К тому времени, когда Джим повернул ручку двери, он окончательно убедил себя, что Эрик Гримсон умер. Перепил? Несчастный случай? Самоубийство? Убит?

Увидев сына, Ева Гримсон поднялась со стула. Она была в платье с пестрым рисунком, слишком просторном для нее и слишком тонком для холодной погоды. Она еще больше осунулась, на лице прибавилось морщин, круги под глазами стали темнее. Но при виде сына она улыбнулась.

— Мама! Что случилось? — Джим обнял ее.

Ева заплакала, и Джиму стало еще хуже. Он всего несколько раз в жизни видел, как мать плачет.

— С отцом все в порядке? — спросил он.

Она высвободилась из его объятий и села на стул.

— Мне так жаль, так жаль. Но твой отец...

Джим опустился на колени рядом с ней и положил руки на ее сгорбленные плечи.

— Ради Бога! Что случилось?

— Твой отец...

— Он умер! — воскликнул Джим.

Вместо ответа мать достала из сумочки носовой платок и промокнула глаза. У Джима мелькнула неуместная мысль, что слезы не испортят ее макияж, так как она никогда не красится.

Ева шмыгнула носом и покачала головой.

— Нет. Так ты вот что подумал? В каком-то смысле, так было бы...

— Было бы — что?

Должно быть, она хотела сказать «лучше», но никогда не позволила бы себе допустить такие мысли, тем более — высказать их вслух.

— Нет, ничего. Твой отец... он настаивает, чтобы мы переехали в Даллас. Ну, знаешь — в Техас!

Джиму потребовалось несколько раз вздохнуть, прежде чем он смог ясно соображать. Грудь его все еще сжимало. Потом он резко произнес:

— Ну, тогда он все равно что умер! И ты тоже! Вы... вы... Вы бросаете меня!

Мать взяла сына за руку, прижала ее к своей мокрой щеке.

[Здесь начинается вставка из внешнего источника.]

lemma loc_int_powr_le_grand_norm:
  assumes "1 \<le> p" "1 \<le> q"
  shows "ennreal (loc_int p g k powr (1 / p)) \<le> grand_norm p q \<theta> g"
proof -
  let ?S = "\<Sum>\<^sub>\<infinity> k::int. ennreal (loc_int p g k powr (q * (1 + 1) / p))"
  have "ennreal (loc_int p g k powr (1 / p)) \<le> epowr ?S (1 / (q * 2))"
  proof (cases "?S = \<infinity>")
    case True
    then show ?thesis
      by (simp add: epowr_def)
  next
    case False
    have "ennreal (loc_int p g k powr (q * (1 + 1) / p)) \<le> ?S"
      by (rule infsum_ennreal_ge_term)
    from enn2real_mono[OF this] have "loc_int p g k powr (q * 2 / p) \<le> enn2real ?S"
      using False by (simp add: top.not_eq_extremum)
    then have "(loc_int p g k powr (q * 2 / p)) powr (1 / (q * 2)) \<le> enn2real ?S powr (1 / (q * 2))"
      using assms by (intro powr_mono2) auto
    moreover have "loc_int p g k powr (1 / p) = (loc_int p g k powr (q * 2 / p)) powr (1 / (q * 2))"
      using assms loc_int_nonneg[of p g k] by (simp add: powr_powr)
    ultimately show ?thesis
      using False by (simp add: epowr_def ennreal_leI)
  qed
  also have "\<dots> \<le> grand_norm p q \<theta> g"
    unfolding grand_norm_def by (rule SUP_upper2[of 1]) simp_all
  finally show ?thesis .
qed

lemma nn_integral_le_sum_unit_int:
  fixes h :: "real \<Rightarrow> ennreal"
  assumes "h \<in> borel_measurable lebesgue" "finite K" "\<And>x. x \<in> E \<Longrightarrow> \<lfloor>x\<rfloor> \<in> K"
  shows "(\<integral>\<^sup>+x\<in>E. h x \<partial>lebesgue) \<le> (\<Sum>k\<in>K. \<integral>\<^sup>+x\<in>unit_int k. h x \<partial>lebesgue)"
proof -
  have "(\<integral>\<^sup>+x\<in>E. h x \<partial>lebesgue) \<le> (\<integral>\<^sup>+x. (\<Sum>k\<in>K. h x * indicator (unit_int k) x) \<partial>lebesgue)"
  proof (rule nn_integral_mono)
    fix x
    show "h x * indicator E x \<le> (\<Sum>k\<in>K. h x * indicator (unit_int k) x)"
    proof (cases "x \<in> E")
      case True
      have "h x * indicator (unit_int \<lfloor>x\<rfloor>) x \<le> (\<Sum>k\<in>K. h x * indicator (unit_int k) x)"
        by (rule member_le_sum) (use assms True in auto)
      then show ?thesis
        using True by (simp add: unit_int_iff)
    qed simp
  qed
  also have "\<dots> = (\<Sum>k\<in>K. \<integral>\<^sup>+x\<in>unit_int k. h x \<partial>lebesgue)"
    using assms(1) by (intro nn_integral_sum) auto
  finally show ?thesis .
qed

lemma nn_integral_le_grand_norm:
  assumes "1 \<le> p" "1 \<le> q" "g \<in> grand_space p q \<theta>"
    and "finite K" "\<And>x. x \<in> E \<Longrightarrow> \<lfloor>x\<rfloor> \<in> K"
  shows "(\<integral>\<^sup>+x\<in>E. ennreal (norm (g x)) \<partial>lebesgue) \<le> ennreal (2 * card K) * grand_norm p q \<theta> g"
proof -
  have "loc_Lp p g"
    using assms(3) unfolding grand_space_def by simp
  then have "g \<in> borel_measurable lebesgue"
    unfolding loc_Lp_def by simp
  then have "(\<integral>\<^sup>+x\<in>E. ennreal (norm (g x)) \<partial>lebesgue)
      \<le> (\<Sum>k\<in>K. \<integral>\<^sup>+x\<in>unit_int k. ennreal (norm (g x)) \<partial>lebesgue)"
    using assms(4,5) by (intro nn_integral_le_sum_unit_int) auto
  also have "\<dots> \<le> (\<Sum>k\<in>K. 2 * grand_norm p q \<theta> g)"
  proof (rule sum_mono)
    fix k
    have "(\<integral>\<^sup>+x\<in>unit_int k. ennreal (norm (g x)) \<partial>lebesgue) \<le> 2 * ennreal (loc_int p g k powr (1 / p))"
      using \<open>loc_Lp p g\<close> assms(1) by (rule nn_integral_unit_int_norm_le_loc_int)
    also have "\<dots> \<le> 2 * grand_norm p q \<theta> g"
      using loc_int_powr_le_grand_norm[OF assms(1,2)] by (intro mult_left_mono) auto
    finally show "(\<integral>\<^sup>+x\<in>unit_int k. ennreal (norm (g x)) \<partial>lebesgue) \<le> 2 * grand_norm p q \<theta> g" .
  qed
  also have "\<dots> = ennreal (2 * card K) * grand_norm p q \<theta> g"
    by (simp add: ennreal_mult ennreal_of_nat_eq_real_of_nat mult_ac)
  finally show ?thesis .
qed

lemma epsilon_powr_bound:
  fixes e q \<theta> s :: real
  assumes "0 < e" "1 \<le> q" "0 < \<theta>" "0 \<le> s"
  shows "(e powr \<theta> * s) powr (1 / (q * (1 + e))) \<le> exp \<theta> * (1 + s)"
proof -
  define r where "r = 1 / (q * (1 + e))"
  have "1 \<le> q * (1 + e)"
    using assms by (smt (verit) mult_le_cancel_left1)
  then have "0 < r" "r \<le> 1"
    unfolding r_def by auto
  have "r * ln e \<le> 1"
  proof (cases "ln e \<le> 0")
    case True
    then show ?thesis
      using \<open>0 < r\<close> by (smt (verit) mult_nonneg_nonpos)
  next
    case False
    have "ln e \<le> q * (1 + e)"
      using ln_le_minus_one[OF \<open>0 < e\<close>] assms by (smt (verit) mult_le_cancel_right1)
    then show ?thesis
      unfolding r_def using \<open>1 \<le> q * (1 + e)\<close> by simp
  qed
  then have "\<theta> * r * ln e \<le> \<theta>"
    using assms by (metis mult.assoc mult.right_neutral mult_left_mono less_imp_le)
  then have "e powr (\<theta> * r) \<le> exp \<theta>"
    using assms by (simp add: powr_def)
  moreover have "s powr r \<le> 1 + s"
  proof (cases "s \<le> 1")
    case True
    then show ?thesis
      using powr_le1[of r s] \<open>0 < r\<close> assms by simp
  next
    case False
    then have "s powr r \<le> s powr 1"
      using \<open>r \<le> 1\<close> by (intro powr_mono) auto
    then show ?thesis
      using False by simp
  qed
  moreover have "(e powr \<theta> * s) powr r = e powr (\<theta> * r) * s powr r"
    using assms by (simp add: powr_mult powr_powr)
  ultimately show ?thesis
    unfolding r_def[symmetric] by (smt (verit) exp_gt_zero mult_mono powr_ge_zero)
qed

lemma grand_norm_le_card_support:
  assumes "0 < p" "1 \<le> q" "0 < \<theta>" "finite K"
    and "\<And>k. k \<notin> K \<Longrightarrow> loc_int p f k = 0" "\<And>k. loc_int p f k \<le> 1"
  shows "grand_norm p q \<theta> f \<le> ennreal (exp \<theta> * (1 + card K))"
  unfolding grand_norm_def
proof (rule SUP_least)
  fix e :: real
  assume "e \<in> {0<..}"
  define r where "r = q * (1 + e) / p"
  define s where "s = (\<Sum>k\<in>K. loc_int p f k powr r)"
  have "0 \<le> s"
    unfolding s_def by (simp add: sum_nonneg)
  have "0 \<le> r"
    unfolding r_def using assms \<open>e \<in> {0<..}\<close> by simp
  then have "s \<le> (\<Sum>k\<in>K. 1)"
    unfolding s_def using assms(6) loc_int_nonneg by (intro sum_mono powr_le1) auto
  have "(\<Sum>\<^sub>\<infinity> k::int. ennreal (loc_int p f k powr r)) = (\<Sum>k\<in>K. ennreal (loc_int p f k powr r))"
    using assms(4,5) by (intro infsum_eq_sum_if_zero_outside) auto
  also have "\<dots> = ennreal s"
    unfolding s_def by simp
  finally have "epowr (ennreal (e powr \<theta>) * (\<Sum>\<^sub>\<infinity> k::int. ennreal (loc_int p f k powr r))) (1 / (q * (1 + e)))
      = ennreal ((e powr \<theta> * s) powr (1 / (q * (1 + e))))"
    unfolding epowr_def using \<open>0 \<le> s\<close> by (simp add: ennreal_mult[symmetric])
  also have "\<dots> \<le> ennreal (exp \<theta> * (1 + s))"
    using \<open>e \<in> {0<..}\<close> assms \<open>0 \<le> s\<close> by (intro ennreal_leI epsilon_powr_bound) auto
  also have "\<dots> \<le> ennreal (exp \<theta> * (1 + card K))"
    using \<open>s \<le> (\<Sum>k\<in>K. 1)\<close> by (intro ennreal_leI mult_left_mono) auto
  finally show "epowr (ennreal (e powr \<theta>) * (\<Sum>\<^sub>\<infinity> k::int. ennreal (loc_int p f k powr (q * (1 + e) / p))))
      (1 / (q * (1 + e))) \<le> ennreal (exp \<theta> * (1 + card K))"
    unfolding r_def .
qed

lemma small_norm_finite_support:
  assumes "finite K" "\<And>k. k \<notin> K \<Longrightarrow> loc_int p f k = 0"
  shows "small_norm p q \<theta> f < \<infinity>"
proof -
  define y where "y k = loc_int p f k powr (1 / p)" for k
  define d where "d k j = (if j = 0 then \<bar>y k\<bar> else 0)" for k j :: int
  define c where "c = conj_exp (q * (1 + 1))"
  define H where "H j = ennreal (1 powr (- \<theta> / (q * (1 + 1)))) *
      epowr (\<Sum>\<^sub>\<infinity> k::int. ennreal (d k j powr c)) (1 / c)" for j
  have "(\<Sum>\<^sub>\<infinity> j::int. ennreal (d k j)) = ennreal \<bar>y k\<bar>" for k
    using infsum_eq_sum_if_zero_outside[of "{0}" "\<lambda>j. ennreal (d k j)"] by (simp add: d_def)
  then have "small_norm p q \<theta> f \<le> (\<Sum>\<^sub>\<infinity> j::int. H j)"
    unfolding small_norm_def small_seq_norm_def y_def[symmetric]
    by (intro INF_lower2[of d] infsum_mono)
      (auto intro!: nonneg_summable_on_complete INF_lower2[of 1] simp: H_def d_def c_def)
  also have "(\<Sum>\<^sub>\<infinity> j::int. H j) = H 0"
    using infsum_eq_sum_if_zero_outside[of "{0}" H] by (simp add: H_def d_def epowr_def)
  also have "(\<Sum>\<^sub>\<infinity> k::int. ennreal (d k 0 powr c)) = (\<Sum>k\<in>K. ennreal (d k 0 powr c))"
    using assms by (intro infsum_eq_sum_if_zero_outside) (auto simp: d_def y_def)
  then have "H 0 < \<infinity>"
    unfolding H_def by (simp add: epowr_def ennreal_mult[symmetric])
  finally show ?thesis .
qed

lemma nn_integral_unit_int_indicator:
  assumes "E \<in> sets lebesgue"
  shows "(\<integral>\<^sup>+x\<in>unit_int k. ennreal (norm (indicator E x :: complex) powr p) \<partial>lebesgue)
    = emeasure lebesgue (E \<inter> unit_int k)"
proof -
  have "(\<integral>\<^sup>+x\<in>unit_int k. ennreal (norm (indicator E x :: complex) powr p) \<partial>lebesgue)
      = (\<integral>\<^sup>+x. indicator (E \<inter> unit_int k) x \<partial>lebesgue)"
    by (rule nn_integral_cong) (auto simp: indicator_def)
  then show ?thesis
    using assms by simp
qed

lemma emeasure_inter_unit_int_le_1: "emeasure lebesgue (E \<inter> unit_int k) \<le> 1"
  using emeasure_mono[of "E \<inter> unit_int k" "unit_int k" lebesgue] by (simp add: emeasure_unit_int)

— Я должна ехать с ним! — запричитала она. — Он мой муж! Я должна быть там же, где и он!

— Ничего ты не должна! — Джим выдернул руку. — Черт бы вас побрал! Провалитесь вы ко всем чертям!

Только потом, перебирая детали встречи в памяти, Джим сообразил, что прежде никогда не разговаривал так с матерью. Какое бы раздражение она у него ни вызывала, он почти всегда был с ней мягок. Ей и так доставалось от отца.

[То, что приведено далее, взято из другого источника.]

(* Let $f$ be continuous on $[0,1]$, and let $w(x):=\int_0^x f(s)\,ds$ and $\overline{w}:=\int_0^1 w(x)\,dx$. Let $n\ge 2$, $h=1/n$, $x_j=jh$ ($j=0,\dots,n$). Let $\mathcal{M}_h$ be the space of continuous functions on $[0,1]$ that are linear on each $[x_{j-1},x_j]$ and vanish at $0$ and $1$, and let $V_h$ be the space of continuous functions on $[0,1]$ that are quadratic on each $[x_{j-1},x_j]$ and vanish at $0$ and $1$. Let $(w_h,u_h)\in V_h\times\mathcal{M}_h$ be the solution of the reduced discrete problem $$\begin{aligned} (w_h',v_h')+(u_h',v_h)&=(f,v_h)&&\text{for all } v_h\in V_h,\\ (w_h,q_h')&=0&&\text{for all } q_h\in\mathcal{M}_h. \end{aligned}$$ Let $\tilde{\mathcal{M}}_h:=\{v_h: v_h \text{ continuous on } [0,1], \text{ linear on each } [x_{j-1},x_j],\ v_h(0)=v_h(1)\}$. Then $u_h-\overline{u}_h$, where $\overline{u}_h=\int_0^1 u_h(x)\,dx$, is the $L^2(0,1)$-orthogonal projection of $w-\overline{w}$ onto $\tilde{\mathcal{M}}_h$.
   Context: $(\cdot,\cdot)$ denotes the $L^2(0,1)$ inner product. *)

theory Defs
  imports "HOL-Analysis.Analysis"
begin

definition piecewise_poly :: "nat \<Rightarrow> nat \<Rightarrow> (real \<Rightarrow> real) \<Rightarrow> bool" where
  "piecewise_poly n d g \<longleftrightarrow>
     continuous_on {0..1} g \<and>
     (\<forall>j\<in>{1..n}. \<exists>c :: nat \<Rightarrow> real.
        \<forall>x\<in>{(real j - 1) / real n .. real j / real n}. g x = (\<Sum>i\<le>d. c i * x ^ i))"

definition Mh :: "nat \<Rightarrow> (real \<Rightarrow> real) set" where
  "Mh n = {g. piecewise_poly n 1 g \<and> g 0 = 0 \<and> g 1 = 0}"

definition Vh :: "nat \<Rightarrow> (real \<Rightarrow> real) set" where
  "Vh n = {g. piecewise_poly n 2 g \<and> g 0 = 0 \<and> g 1 = 0}"

definition Mh_tilde :: "nat \<Rightarrow> (real \<Rightarrow> real) set" where
  "Mh_tilde n = {g. piecewise_poly n 1 g \<and> g 0 = g 1}"

definition L2ip :: "(real \<Rightarrow> real) \<Rightarrow> (real \<Rightarrow> real) \<Rightarrow> real" where
  "L2ip f g = integral {0..1} (\<lambda>x. f x * g x)"

definition is_L2_proj :: "(real \<Rightarrow> real) set \<Rightarrow> (real \<Rightarrow> real) \<Rightarrow> (real \<Rightarrow> real) \<Rightarrow> bool" where
  "is_L2_proj S phi P \<longleftrightarrow> P \<in> S \<and> (\<forall>q\<in>S. L2ip (\<lambda>x. phi x - P x) q = 0)"

end

theory Submission
  imports Defs
begin

text \<open>For q in tilde M_h let v be the antiderivative of q - mean q; since q - mean q has
  mean zero, v lies in V_h. Testing the first equation with v and integrating by parts gives
  (w_h', q - mean q) - (u_h, q - mean q) = -(w, q - mean q). The first term vanishes by the
  second equation, because (w_h', q) = -(w_h, q') and q - q(0) lies in M_h. Hence w - u_h is
  orthogonal to q - mean q, which is the claim since (phi - mean phi, q) = (phi, q - mean q).\<close>

lemma deriv_diff_const: "deriv (\<lambda>x. g x - k) = deriv (g :: real \<Rightarrow> real)"
proof -
  have "((\<lambda>x. g x - k) has_real_derivative D) (at x) \<longleftrightarrow>
      (g has_real_derivative D) (at x)" for D x
  proof
    assume "((\<lambda>x. g x - k) has_real_derivative D) (at x)"
    from DERIV_add[OF this DERIV_const[of k]] show "(g has_real_derivative D) (at x)" by simp
  qed (auto intro!: derivative_eq_intros)
  then show ?thesis unfolding deriv_def by simp
qed

lemma integral_has_real_derivative_interior:
  assumes "continuous_on {a..b} g" "x \<in> {a<..<b}"
  shows "((\<lambda>x. integral {a..x} g) has_real_derivative g x) (at x)"
  using integral_has_real_derivative[OF assms(1), of x] assms(2) by (simp add: at_within_Icc_at)

definition mesh_nodes :: "nat \<Rightarrow> real set" where
  "mesh_nodes n = (\<lambda>j. real j / real n) ` {..n}"

lemma mesh_cell_containing:
  assumes "n \<ge> 1" "x \<in> {0<..<1} - mesh_nodes n"
  obtains j where "j \<in> {1..n}" "(real j - 1) / real n < x" "x < real j / real n"
proof -
  define k where "k = \<lceil>x * real n\<rceil>"
  have x: "0 < x" "x < 1" "x \<notin> mesh_nodes n" using assms(2) by auto
  have np: "real n > 0" using assms(1) by simp
  have k: "of_int k - 1 < x * real n" "x * real n \<le> of_int k"
    unfolding k_def by linarith+
  have "0 < x * real n" "x * real n < real n" using x np by simp_all
  with k have kpos: "k > 0" and kn: "k \<le> int n" by linarith+
  have rk: "real (nat k) = real_of_int k" using kpos by simp
  have "x * real n \<noteq> of_int k"
  proof
    assume "x * real n = of_int k"
    then have "x = real (nat k) / real n" using np rk by (simp add: field_simps)
    with kn x(3) show False unfolding mesh_nodes_def by auto
  qed
  with k have "(real (nat k) - 1) / real n < x" "x < real (nat k) / real n"
    using np rk by (simp_all add: field_simps)
  moreover have "nat k \<in> {1..n}" using kpos kn by auto
  ultimately show ?thesis using that by blast
qed

lemma piecewise_poly_continuous_on: "piecewise_poly n d g \<Longrightarrow> continuous_on {0..1} g"
  unfolding piecewise_poly_def by blast

lemma has_real_derivative_poly_on_interval:
  assumes "\<forall>x\<in>{a..b}. g x = (\<Sum>i\<le>d. c i * x ^ i)" "a < y" "y < b"
  shows "(g has_real_derivative (\<Sum>i\<le>d. c i * (real i * y ^ (i - 1)))) (at y)"
proof -
  have "((\<lambda>x. \<Sum>i\<le>d. c i * x ^ i) has_real_derivative
      (\<Sum>i\<le>d. c i * (real i * y ^ (i - 1)))) (at y)"
    by (auto intro!: derivative_eq_intros simp: mult_ac)
  then show ?thesis
    by (rule has_field_derivative_transform_within_open[where S="{a<..<b}"]) (use assms in auto)
qed

lemma piecewise_poly_has_real_derivative:
  assumes "piecewise_poly n d g" "n \<ge> 1" "x \<in> {0<..<1} - mesh_nodes n"
  shows "(g has_real_derivative deriv g x) (at x)"
proof -
  obtain j where j: "j \<in> {1..n}" "(real j - 1) / real n < x" "x < real j / real n"
    using mesh_cell_containing assms(2,3) by blast
  then obtain c
    where "\<forall>x\<in>{(real j - 1) / real n .. real j / real n}. g x = (\<Sum>i\<le>d. c i * x ^ i)"
    using assms(1) unfolding piecewise_poly_def by blast
  from has_real_derivative_poly_on_interval[OF this j(2,3)] show ?thesis
    by (metis DERIV_imp_deriv)
qed

lemma integrable_on_mesh_cells:
  fixes F :: "real \<Rightarrow> real"
  assumes "n \<ge> 1"
    and "\<And>j. j \<in> {1..n} \<Longrightarrow> F integrable_on {(real j - 1) / real n .. real j / real n}"
  shows "F integrable_on {0..1}"
proof -
  have "F integrable_on {0 .. real k / real n}" if "k \<le> n" for k
    using that
  proof (induction k)
    case 0
    show ?case using integrable_on_refl[of F 0] by simp
  next
    case (Suc k)
    have "F integrable_on {real k / real n .. real (Suc k) / real n}"
      using assms(2)[of "Suc k"] Suc.prems by simp
    moreover have "0 \<le> real k / real n" "real k / real n \<le> real (Suc k) / real n"
      by (simp_all add: divide_right_mono)
    ultimately show ?case
      using Suc Henstock_Kurzweil_Integration.integrable_combine[of 0 "real k / real n"]
      by simp
  qed
  from this[of n] show ?thesis using assms(1) by simp
qed

lemma piecewise_poly_deriv_mult_integrable:
  assumes "piecewise_poly n d g" "n \<ge> 1" "continuous_on {0..1} h"
  shows "(\<lambda>x. h x * deriv g x) integrable_on {0..1}"
proof (rule integrable_on_mesh_cells[OF assms(2)])
  fix j assume j: "j \<in> {1..n}"
  define a where "a = (real j - 1) / real n"
  define b where "b = real j / real n"
  have ab: "0 \<le> a" "a \<le> b" "b \<le> 1" using j by (auto simp: a_def b_def divide_simps)
  obtain c where c: "\<forall>x\<in>{a..b}. g x = (\<Sum>i\<le>d. c i * x ^ i)"
    using assms(1) j unfolding piecewise_poly_def a_def b_def by blast
  define g' where "g' x = (\<Sum>i\<le>d. c i * (real i * x ^ (i - 1)))" for x
  have int: "(\<lambda>x. h x * g' x) integrable_on {a..b}"
    unfolding g'_def using ab
    by (intro integrable_continuous_interval continuous_intros continuous_on_subset[OF assms(3)]) auto
  have eq: "h x * deriv g x = h x * g' x" if "x \<in> {a..b} - {a, b}" for x
  proof -
    have "a < x" "x < b" using that by auto
    from DERIV_imp_deriv[OF has_real_derivative_poly_on_interval[OF c this]]
    show ?thesis by (simp add: g'_def)
  qed
  show "(\<lambda>x. h x * deriv g x) integrable_on {a..b}"
    by (rule integrable_spike_finite[where S="{a, b}", OF _ eq int]) simp_all
qed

— Ради святой девы Марии, матери Божьей, не говори так, Джим!

Она снова хотела взять его за руку, но Джим отдернул ее.

— Здесь он не может получить приличной работы. И это убивает его, ты сам знаешь. Он слышал... ему сказал один друг — помнишь Джо Ватку? — что в Далласе работы полно. Город процветает, и...

— А я? — Джим начал шагать взад-вперед, сжимая и разжимая кулаки. — Разве я не в счет? А кто будет оплачивать страховку, мое лечение? Где я буду жить, когда меня переведут на амбулаторное лечение? Я не хочу бросать лечение! Это мой единственный шанс чего-то добиться в жизни!

— Пожалуйста, пойми меня. Я просто надвое разрываюсь. Не могу я отпустить его одного, а он говорит, что все равно уедет, даже без меня. Он ведь муж мой. Это мой долг!

— А я твой сын! — выкрикнул Джим, останавливаясь.

В дверь просунул голову Казим Грассер, чернокожий санитар.

— Все в порядке? Какие-то проблемы?

— Это семейные дела, — ответил Джим. — Я ни на кого не собираюсь кидаться. Уматывай!

— Ладно, приятель, только не горячись, — сказал Грассер и закрыл дверь.

— И почему он сам ко мне не пришел, а прислал вместо этого тебя? — орал на мать Джим. — Что, боится встретиться со мной? Или настолько меня ненавидит?

— Пожалуйста, Джим, не надо. Нет, он к тебе ненависти не испытывает. Во всяком случае настоящей. Но боится встречаться с тобой. Он чувствует себя неудачником...

— Так оно и есть!

— ...чувствует, что потерпел крах как мужчина, муж и отец...

— Так оно и есть!

— ...и думает, что ты на него набросишься. Он говорит... он говорит...

— Ну, скажи! Что я сумасшедший!

Ева умоляюще сложила руки.

— Пожалуйста, я не могу больше этого вынести. Не будь это таким грехом, я бы покончила с собой!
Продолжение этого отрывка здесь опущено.